My friend John Nesbitt, who has died aged 77, was one of a small group who designed and built large-format cameras. These cameras slowed down the photographic process and enabled photographers to reconsider and deepen their own practice – in John’s case, his enduring engagement with and understanding of the Welsh landscape, evident in Mutatis Mutandis at the Ffotogallery, Cardiff in 1987. In this exhibition John used multiple exposures on 10 x 8in negatives to explore the ways natural landscape changes with the effects of light, atmosphere and different weathers. The resulting images retain a profoundly haunting quality.
John was born in Carlisle, to Margaret (nee Shadwick) and Emmanuel, known as “Manny”. A couple of years later the family moved to Sunderland, where Manny worked as a buyer for a building firm. John attended Southmoor technical school, Sunderland, where he developed his interest in art, as well as useful skills in metalwork and woodwork.

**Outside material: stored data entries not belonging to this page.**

(* Let $Q\ge1$ be an integer, let $h$ be a conditionally negative definite kernel on $\mathcal{X}=\mathbb{R}^N$ and let $\alpha\in(\mathbb{R}_+)^Q$ be fixed. Let $\eta$ be a signed measure of finite total variation on $\mathcal{X}$ belonging to $\mathcal{M}\mathcal{A}^h$. Suppose that $h$ is continuous on $\mathcal{X}\times\mathcal{X}$ and that $h$ is measure coercive. Then the minimization problem $\inf_{X=(x_q)_{q=1}^Q\in\mathcal{X}^Q} d(\delta_{\alpha,X},\eta)^2$ admits at least one solution $X^\star\in\mathcal{X}^Q$.
   Context: $h:\mathcal{X}\times\mathcal{X}\to\mathbb{R}$ is symmetric, $h(x,x)=0$, and conditionally negative definite: $\sum_{j_1,j_2}\alpha_{j_1}\alpha_{j_2}h(x_{j_1},x_{j_2})\le0$ whenever $\sum_j\alpha_j=0$. Put $k(x,y)=\frac{h(x,0)+h(y,0)-h(x,y)}{2}$, a positive definite kernel; $\mathcal{M}\mathcal{A}^h$ is the reproducing kernel Hilbert space of $k$, and a measure $\eta$ is said to belong to it when $\int\sqrt{k(x,x)}|\eta|(dx)<\infty$ so that its embedding $\int k(x,\cdot)\eta(dx)$ lies in this space. The distance is $d(\mu,\nu)^2=\int\int k(x,y)(\mu-\nu)(dx)(\mu-\nu)(dy)$, which is the RKHS norm of the difference of the embeddings; in particular $d(\delta_x,\delta_y)^2=h(x,y)$. For $X=(x_q)\in\mathcal{X}^Q$, $\delta_{\alpha,X}=\sum_q\alpha_q\delta_{x_q}$. With $\mathcal{P}_J=\{\beta\in\mathbb{R}^J:\beta_j\ge0,\sum\beta_j=1\}$, $h$ is measure coercive if for every $J\ge1$ and $\beta\in\mathcal{P}_J$, $\lim_{\|X\|\to\infty}d(\delta_{\beta,X},\delta_0)=\infty$ for $X\in\mathcal{X}^J$. *)

theory Defs
  imports "HOL-Analysis.Analysis"
begin

definition cnd_kernel :: "('a \<Rightarrow> 'a \<Rightarrow> real) \<Rightarrow> bool" where
  "cnd_kernel h \<longleftrightarrow>
     (\<forall>x y. h x y = h y x) \<and> (\<forall>x. h x x = 0) \<and>
     (\<forall>(J::nat) (a::nat \<Rightarrow> real) (xs::nat \<Rightarrow> 'a).
        (\<Sum>j<J. a j) = 0 \<longrightarrow> (\<Sum>j1<J. \<Sum>j2<J. a j1 * a j2 * h (xs j1) (xs j2)) \<le> 0)"

definition kernel_k :: "('a::zero \<Rightarrow> 'a \<Rightarrow> real) \<Rightarrow> 'a \<Rightarrow> 'a \<Rightarrow> real" where
  "kernel_k h x y = (h x 0 + h y 0 - h x y) / 2"

text \<open>A finite signed measure is represented by a pair (P, N) of finite Borel measures,
  standing for P - N. Its integration functional:\<close>
definition signed_int :: "'a measure \<times> 'a measure \<Rightarrow> ('a \<Rightarrow> real) \<Rightarrow> real" where
  "signed_int \<eta> f = integral\<^sup>L (fst \<eta>) f - integral\<^sup>L (snd \<eta>) f"

definition finite_signed_borel :: "('a::topological_space) measure \<times> 'a measure \<Rightarrow> bool" where
  "finite_signed_borel \<eta> \<longleftrightarrow>
     sets (fst \<eta>) = sets borel \<and> sets (snd \<eta>) = sets borel \<and>
     finite_measure (fst \<eta>) \<and> finite_measure (snd \<eta>)"

text \<open>Membership in MA^h: integral of sqrt(k(x,x)) against |eta| is finite
  (checked against both parts P and N of the representation).\<close>
definition in_MA :: "('a::{zero,topological_space} \<Rightarrow> 'a \<Rightarrow> real) \<Rightarrow> 'a measure \<times> 'a measure \<Rightarrow> bool" where
  "in_MA h \<eta> \<longleftrightarrow>
     (\<integral>\<^sup>+ x. ennreal (sqrt (kernel_k h x x)) \<partial>(fst \<eta>)) < \<infinity> \<and>
     (\<integral>\<^sup>+ x. ennreal (sqrt (kernel_k h x x)) \<partial>(snd \<eta>)) < \<infinity>"

text \<open>Integration against delta_{alpha,X} = sum_{q<Q} alpha_q delta_{x_q}.\<close>
definition dirac_int :: "nat \<Rightarrow> (nat \<Rightarrow> real) \<Rightarrow> (nat \<Rightarrow> 'a) \<Rightarrow> ('a \<Rightarrow> real) \<Rightarrow> real" where
  "dirac_int Q \<alpha> X f = (\<Sum>q<Q. \<alpha> q * f (X q))"

text \<open>Squared kernel distance: double integral of k against (mu - nu) x (mu - nu),
  where I is the integration functional of the signed measure mu - nu.\<close>
definition kdist2 :: "('a \<Rightarrow> 'a \<Rightarrow> real) \<Rightarrow> (('a \<Rightarrow> real) \<Rightarrow> real) \<Rightarrow> real" where
  "kdist2 k I = I (\<lambda>x. I (\<lambda>y. k x y))"

definition obj :: "('a::zero \<Rightarrow> 'a \<Rightarrow> real) \<Rightarrow> nat \<Rightarrow> (nat \<Rightarrow> real) \<Rightarrow> 'a measure \<times> 'a measure
                   \<Rightarrow> (nat \<Rightarrow> 'a) \<Rightarrow> real" where
  "obj h Q \<alpha> \<eta> X = kdist2 (kernel_k h) (\<lambda>f. dirac_int Q \<alpha> X f - signed_int \<eta> f)"

definition measure_coercive :: "('a::real_normed_vector \<Rightarrow> 'a \<Rightarrow> real) \<Rightarrow> bool" where
  "measure_coercive h \<longleftrightarrow>
     (\<forall>(J::nat) (\<beta>::nat \<Rightarrow> real). J \<ge> 1 \<and> (\<forall>j<J. \<beta> j > 0) \<and> (\<Sum>j<J. \<beta> j) = 1 \<longrightarrow>
        (\<forall>M::real. \<exists>R::real. \<forall>X::nat \<Rightarrow> 'a. (\<exists>j<J. norm (X j) \<ge> R) \<longrightarrow>
            sqrt (kdist2 (kernel_k h) (\<lambda>f. dirac_int J \<beta> X f - f 0)) \<ge> M))"

end

theory Submission
  imports Defs
begin

text \<open>Write \<open>A(X) = d(\<delta>\<^sub>\<alpha>\<^sub>,\<^sub>X, \<delta>\<^sub>0)\<^sup>2\<close> for the Gram form of the kernel \<open>k\<close> at the
  points \<open>X\<close> and \<open>g(x) = \<integral> k(x, y) \<eta>(dy)\<close> for the potential of \<open>\<eta>\<close>. Expanding the square
  gives \<open>d(\<delta>\<^sub>\<alpha>\<^sub>,\<^sub>X, \<eta>)\<^sup>2 = A(X) - 2 \<Sum>\<^sub>q \<alpha>\<^sub>q g(x\<^sub>q) + c\<close> with \<open>c = d(\<delta>\<^sub>0, \<eta>)\<^sup>2\<close>, and the
  Cauchy-Schwarz inequality for the positive definite kernel \<open>k\<close> bounds the middle term by
  \<open>2 C \<surd>A(X)\<close>, where \<open>C = \<integral> \<surd>k(y,y) (P + N)(dy)\<close> for \<open>\<eta> = P - N\<close>. After normalising
  the positive weights to a probability vector, measure coercivity makes \<open>\<surd>A(X) \<ge> 2C\<close> as
  soon as a point carrying positive weight leaves a large ball, and then the objective is at
  least its value \<open>c\<close> at \<open>X = 0\<close>. Hence the infimum may be taken over a product of closed
  balls, which is compact, and the objective is continuous since \<open>h\<close> is continuous and \<open>g\<close>
  is continuous by dominated convergence.\<close>

definition gram_form :: "('a \<Rightarrow> 'a \<Rightarrow> real) \<Rightarrow> nat \<Rightarrow> (nat \<Rightarrow> real) \<Rightarrow> (nat \<Rightarrow> 'a) \<Rightarrow> real" where
  "gram_form k Q \<alpha> X = (\<Sum>q<Q. \<Sum>r<Q. \<alpha> q * \<alpha> r * k (X q) (X r))"

definition kernel_norm :: "('a::zero \<Rightarrow> 'a \<Rightarrow> real) \<Rightarrow> 'a \<Rightarrow> real" where
  "kernel_norm h x = sqrt (kernel_k h x x)"

lemma cnd_kernel_sym: "cnd_kernel h \<Longrightarrow> h x y = h y x"
  unfolding cnd_kernel_def by blast

lemma cnd_kernel_diag: "cnd_kernel h \<Longrightarrow> h x x = 0"
  unfolding cnd_kernel_def by blast

lemma cnd_kernel_quadratic_nonpos:
  fixes a :: "nat \<Rightarrow> real"
  assumes "cnd_kernel h" and "(\<Sum>j<J. a j) = 0"
  shows "(\<Sum>i<J. \<Sum>j<J. a i * a j * h (x i) (x j)) \<le> 0"
  using assms unfolding cnd_kernel_def by blast

lemma kernel_k_sym: "cnd_kernel h \<Longrightarrow> kernel_k h x y = kernel_k h y x"
  unfolding kernel_k_def by (simp add: cnd_kernel_sym[of h x y])

lemma kernel_k_zero_right: "cnd_kernel h \<Longrightarrow> kernel_k h x 0 = 0"
  unfolding kernel_k_def by (simp add: cnd_kernel_diag)

lemma kernel_k_zero_left: "cnd_kernel h \<Longrightarrow> kernel_k h 0 y = 0"
  unfolding kernel_k_def by (simp add: cnd_kernel_diag cnd_kernel_sym[of h 0 y])

text \<open>Positive definiteness of \<open>k\<close> is conditional negativity of \<open>h\<close> for the family \<open>x\<close>
  extended by the point \<open>0\<close> with weight \<open>-\<Sum>a\<close>.\<close>
lemma gram_form_kernel_k_nonneg:
  fixes h :: "'a::zero \<Rightarrow> 'a \<Rightarrow> real"
  assumes h: "cnd_kernel h"
  shows "0 \<le> gram_form (kernel_k h) J a x"
proof -
  define \<sigma> where "\<sigma> = (\<Sum>j<J. a j)"
  define H where "H = (\<Sum>i<J. a i * h (x i) 0)"
  define D where "D = (\<Sum>i<J. \<Sum>j<J. a i * a j * h (x i) (x j))"
  define a' where "a' j = (if j < J then a j else - \<sigma>)" for j
  define x' where "x' j = (if j < J then x j else 0)" for j
  have "(\<Sum>j<Suc J. a' j) = 0"
    by (simp add: a'_def \<sigma>_def)
  then have extended: "(\<Sum>i<Suc J. \<Sum>j<Suc J. a' i * a' j * h (x' i) (x' j)) \<le> 0"
    by (rule cnd_kernel_quadratic_nonpos[OF h])
  have row: "(\<Sum>i<J. a i * \<sigma> * h (x i) 0) = \<sigma> * H"
    unfolding H_def sum_distrib_left by (rule sum.cong) auto
  have column: "(\<Sum>j<J. - \<sigma> * a j * h 0 (x j)) = - \<sigma> * H"
    unfolding H_def sum_distrib_left by (rule sum.cong) (auto simp: cnd_kernel_sym[OF h, of 0])
  have "(\<Sum>i<Suc J. \<Sum>j<Suc J. a' i * a' j * h (x' i) (x' j))
      = (\<Sum>i<J. (\<Sum>j<J. a i * a j * h (x i) (x j)) - a i * \<sigma> * h (x i) 0)
        + ((\<Sum>j<J. - \<sigma> * a j * h 0 (x j)) + \<sigma> * \<sigma> * h 0 0)"
    by (simp add: a'_def x'_def)
  also have "\<dots> = D - 2 * \<sigma> * H"
    unfolding column sum_subtractf row D_def by (simp add: cnd_kernel_diag[OF h])
  finally have D_le: "D \<le> 2 * \<sigma> * H"
    using extended by simp
  have row_sum: "(\<Sum>i<J. \<Sum>j<J. a i * a j * h (x i) 0) = H * \<sigma>"
    unfolding H_def \<sigma>_def sum_product by (intro sum.cong) (auto simp: mult_ac)
  have column_sum: "(\<Sum>i<J. \<Sum>j<J. a i * a j * h (x j) 0) = \<sigma> * H"
    unfolding H_def \<sigma>_def sum_product by (intro sum.cong) (auto simp: mult_ac)
  have "gram_form (kernel_k h) J a x
      = (\<Sum>i<J. \<Sum>j<J. (a i * a j * h (x i) 0 + a i * a j * h (x j) 0
          - a i * a j * h (x i) (x j)) / 2)"
    unfolding gram_form_def kernel_k_def by (intro sum.cong) (auto simp: algebra_simps)
  also have "\<dots> = (H * \<sigma> + \<sigma> * H - D) / 2"
    unfolding sum_divide_distrib[symmetric] sum_subtractf sum.distrib row_sum column_sum D_def ..
  finally have "gram_form (kernel_k h) J a x = (H * \<sigma> + \<sigma> * H - D) / 2" .
  then show ?thesis
    using D_le by (simp add: mult.commute[of H \<sigma>])
qed

lemma kernel_k_diag_nonneg:
  assumes "cnd_kernel h"
  shows "0 \<le> kernel_k h y y"
proof -
  have "0 \<le> gram_form (kernel_k h) 1 (\<lambda>_. 1) (\<lambda>_. y)"
    by (rule gram_form_kernel_k_nonneg[OF assms])
  then show ?thesis
    by (simp add: gram_form_def)
qed

lemma kernel_norm_nonneg: "cnd_kernel h \<Longrightarrow> 0 \<le> kernel_norm h y"
  unfolding kernel_norm_def by (simp add: kernel_k_diag_nonneg)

At 16 he left school and went to Sunderland Art School, then in 1964 to Bath Academy of Art, Corsham, which is where I first met him.
After graduating in 1967, John initially focused on still life and landscape painting, supported by occasional teaching and work in forestry. He married Jan Allen in 1968 and, following the birth of their two sons, Piers and Tom, the family moved in 1971 to mid-Wales, where John turned to photography using a range of camera formats. John and Jan separated in the mid-70s.
Dissatisfied with the limitations of the second-hand 5x4 MPP camera, in 1983 he decided to design and make his own camera, based on the classic cameras made by Gandolfi and Deardorff. Working in a disused blacksmith’s workshop attached to his home in Llanidloes, he built his prototype, initially using an old mahogany table-top from a skip for its body. Subsequently, John ran large-format camera workshops that proved so popular that he teamed up with a fellow photographer, Pete Davis, to run them on a regular basis; they also resulted in orders for around 150 handmade cameras.
In 1985 John’s work featured in a survey of British photography, Image and Exploration: Some Directions in British Photography, 1980-85, at the Photographers’ Gallery in London. A complete portfolio titled The Old Metal Mines of Mid-Wales was purchased by the National Library of Wales in 1995, and in that year John exhibited another landscape portfolio, Whispers, at the Recontres Photographiques en Bretagne, at Galerie Le Lieu in Lorient, on the southern coast of Brittany. In 1996 John held a retrospective of his work at Studio 13, Llanidloes, and began funded work on a series of photographs about the Highland Clearances, under the title The Year of the Burnings.
John married his second wife, Michelle Audurea, in 1991, and six years later they moved to an old farmhouse in the Vendée, western France, which John refurbished. Although he continued to take photographs and exhibit his work, he no longer made cameras. He returned to an earlier passion for Celtic music and began playing the bagpipes he had bought in an antiques shop in Bath in 1966.
He is survived by Michelle, his sons, Piers and Tom, two grandchildren, and his elder brother, George, and two sisters, June (his twin) and Kathleen.